The majority upheld Section 2 but did so by reading it in a more restrictive manner. The provisions at issue required Arizona officers to make a "reasonable attempt" to determine the immigration status of any person stopped, detained, or arrested on a legitimate basis if "reasonable suspicion" existed that the person is an alien and is unlawfully present in the United States. Additionally, any arrestee's immigration status would have to have been determined before they could be released. Status checks would have been made through Immigration and Customs Enforcement and their databases. Listing several examples, Justice Kennedy wrote that Section 2(B) "likely would survive preemption" if it is interpreted to require only state officers to conduct a status check "during the course of an authorized, lawful detention or after a detainee has been released." Underlining the cautious approach that the majority took to Section 2(B) were Justice Kennedy's final words on the section: "This opinion does not foreclose other preemption and constitutional challenges to the law as interpreted and applied after it goes into effect."

===Dissents===
Justice Scalia dissented, and said that he would have upheld all four provisions as a valid exercise of concurrent state sovereignty over immigration. He argued that the statute was valid: "As a sovereign, Arizona has the inherent power to exclude persons from its territory, subject only to those limitations expressed in the Constitution or constitutionally imposed by Congress. That power to exclude has long been recognized as inherent in sovereignty." To support his position, Justice Scalia reviewed several cases from the early history of the Supreme Court's Immigration jurisprudence.

Justice Thomas likewise would have upheld the entire law as not preempted by federal law, but for different reasons. He concluded that none of the challenged sections presented an actual conflict with federal law, and so the preemption doctrine did not apply.

Justice Alito agreed with Justices Scalia and Thomas regarding Sections 5(C) and 6 but joined with the majority in finding Section 3 preempted and that Section 2(B) was not preempted. With respect to Section 5(C) Justice Alito argued that "[t]he Court's holding on §5(C) is inconsistent with De Canas v. Bica, 424 U. S. 351 (1976), which held that employment regulation, even of aliens unlawfully present in the country, is an area of traditional state concern." He also argued that Section 6 was not preempted because "[l]ike §2(B), §6 adds virtually nothing to the authority that Arizona law enforcement officers already exercise. And whatever little authority they have gained is consistent with federal law."

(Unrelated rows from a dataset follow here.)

text \<open>Every \<open>A_b\<close> is constant: a linear \<open>A_b\<close> would force, through the relations with
  \<open>a + b \<in> {0, 2b}\<close>, the identity \<open>-3 = 1\<close> among the coefficients.\<close>

lemma degree_A_eq_0: "degree (A b) = 0"
proof (rule ccontr)
  assume nonconst: "degree (A b) \<noteq> 0"
  then have "b \<noteq> 0" using A_0 by auto
  define \<sigma> :: complex where "\<sigma> = (-1) ^ nat \<bar>b\<bar>"
  have \<sigma>: "\<sigma> * \<sigma> = 1" "(-1) ^ nat \<bar>-b\<bar> = \<sigma>" "(-1 :: complex) ^ nat \<bar>2 * b\<bar> = 1"
    by (simp_all add: \<sigma>_def minus_one_power_nat_abs)
  obtain a0 a1 b0 b1 e0 e1 d0 d1 where
    A: "A b = [:a0, a1:]" and B: "B b = [:b0, b1:]" and
    Am: "A (-b) = [:e0, e1:]" and Bm: "B (-b) = [:d0, d1:]"
  proof -
    have "degree (A b) \<le> 1" "degree (B b) \<le> 1" "degree (A (-b)) \<le> 1" "degree (B (-b)) \<le> 1"
      using degree_le_1 \<open>b \<noteq> 0\<close> by simp_all
    then show thesis
      using that degree_le_1_eq by blast
  qed
  have "a1 \<noteq> 0" using nonconst A by auto
  have "d1 * a1 = 0" "d0 * a1 + d1 * (a0 + a1 * (- of_int b / 2)) = \<sigma>"
    using opposite_coeffs[of "-b"] \<open>b \<noteq> 0\<close> Bm A \<sigma>(2) by simp_all
  then have d: "d1 = 0" "d0 * a1 = \<sigma>" using \<open>a1 \<noteq> 0\<close> by simp_all
  define g' where "g' = \<sigma> * (e0 * d1 - d0 * e1)"
  have "A (-(2 * b)) = [:g':]"
    using A_double_eq[of "-b"] \<open>b \<noteq> 0\<close> Am Bm \<sigma>(2) by (simp add: g'_def)
  then obtain c2 where "B (2 * b) * [:g':] = [:c2, 1:]"
    using product_opposite_linear[of "2 * b"] \<open>b \<noteq> 0\<close> \<sigma>(3) by auto
  then have "smult \<sigma> (B (2 * b)) * [:g':] = [:\<sigma> * c2, \<sigma>:]"
    by (metis mult_smult_left smult_pCons smult_0_right mult.right_neutral)
  then have g: "2 * b1 * a1 * g' = 0"
    "(2 * (b0 * a1 + b1 * (a0 + a1 * (of_int b / 2))) - (a0 * b1 - b0 * a1)) * g' = \<sigma>"
    unfolding B_double_eq[OF \<open>b \<noteq> 0\<close> A B, folded \<sigma>_def] by (simp_all add: algebra_simps)
  have "g' \<noteq> 0" using g(2) \<sigma>(1) by auto
  with g(1) \<open>a1 \<noteq> 0\<close> have "b1 = 0" by simp
  with opposite_coeffs[OF \<open>b \<noteq> 0\<close> B Am] have "b0 * e1 = \<sigma>" by (simp add: \<sigma>_def)
  have "\<sigma> = 3 * (b0 * a1) * g'"
    using g(2) \<open>b1 = 0\<close> by (simp add: algebra_simps)
  also have "\<dots> = - 3 * \<sigma> * ((b0 * e1) * (d0 * a1))"
    by (simp add: g'_def d(1) algebra_simps)
  also have "\<dots> = -3 * \<sigma>"
    by (simp add: \<open>b0 * e1 = \<sigma>\<close> d(2) \<sigma>(1) mult.assoc)
  finally have "\<sigma> = -3 * \<sigma>" .
  with \<sigma>(1) show False by simp
qed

==Role of Justice Kagan's recusal==
In an article on SCOTUSblog, Stephen Wermiel mentions that Justice Kagan's recusal may have played a role in the 5–3 outcome of the case. Some commentators were surprised by the Chief Justice's vote, and thought that the Chief may have voted with the majority to prevent the case from ending in a 4–4 deadlock.

== Legacy ==
Shortly after retiring as Solicitor General of the United States, Donald B. Verrilli, Jr. said in a 2016 interview that it was a high-profile case in 2012, but its consequences were not fully appreciated. In his view, the problem was not so much the "show me your papers" provision of the law at issue "but that the states are trying to supplant the federal government's role in setting immigration policy, and we can't have fifty different immigration policies." After the Supreme Court ruled on the case, its decision helped to deter other states from establishing and enforcing their own immigration policies. Verrilli concluded that the Court had made "a very consequential decision" which meant that an incipient anti-immigrant movement "got stopped dead in its tracks".

The court's ruling said "As a general rule, it is not a crime for a removable alien to remain in the United States."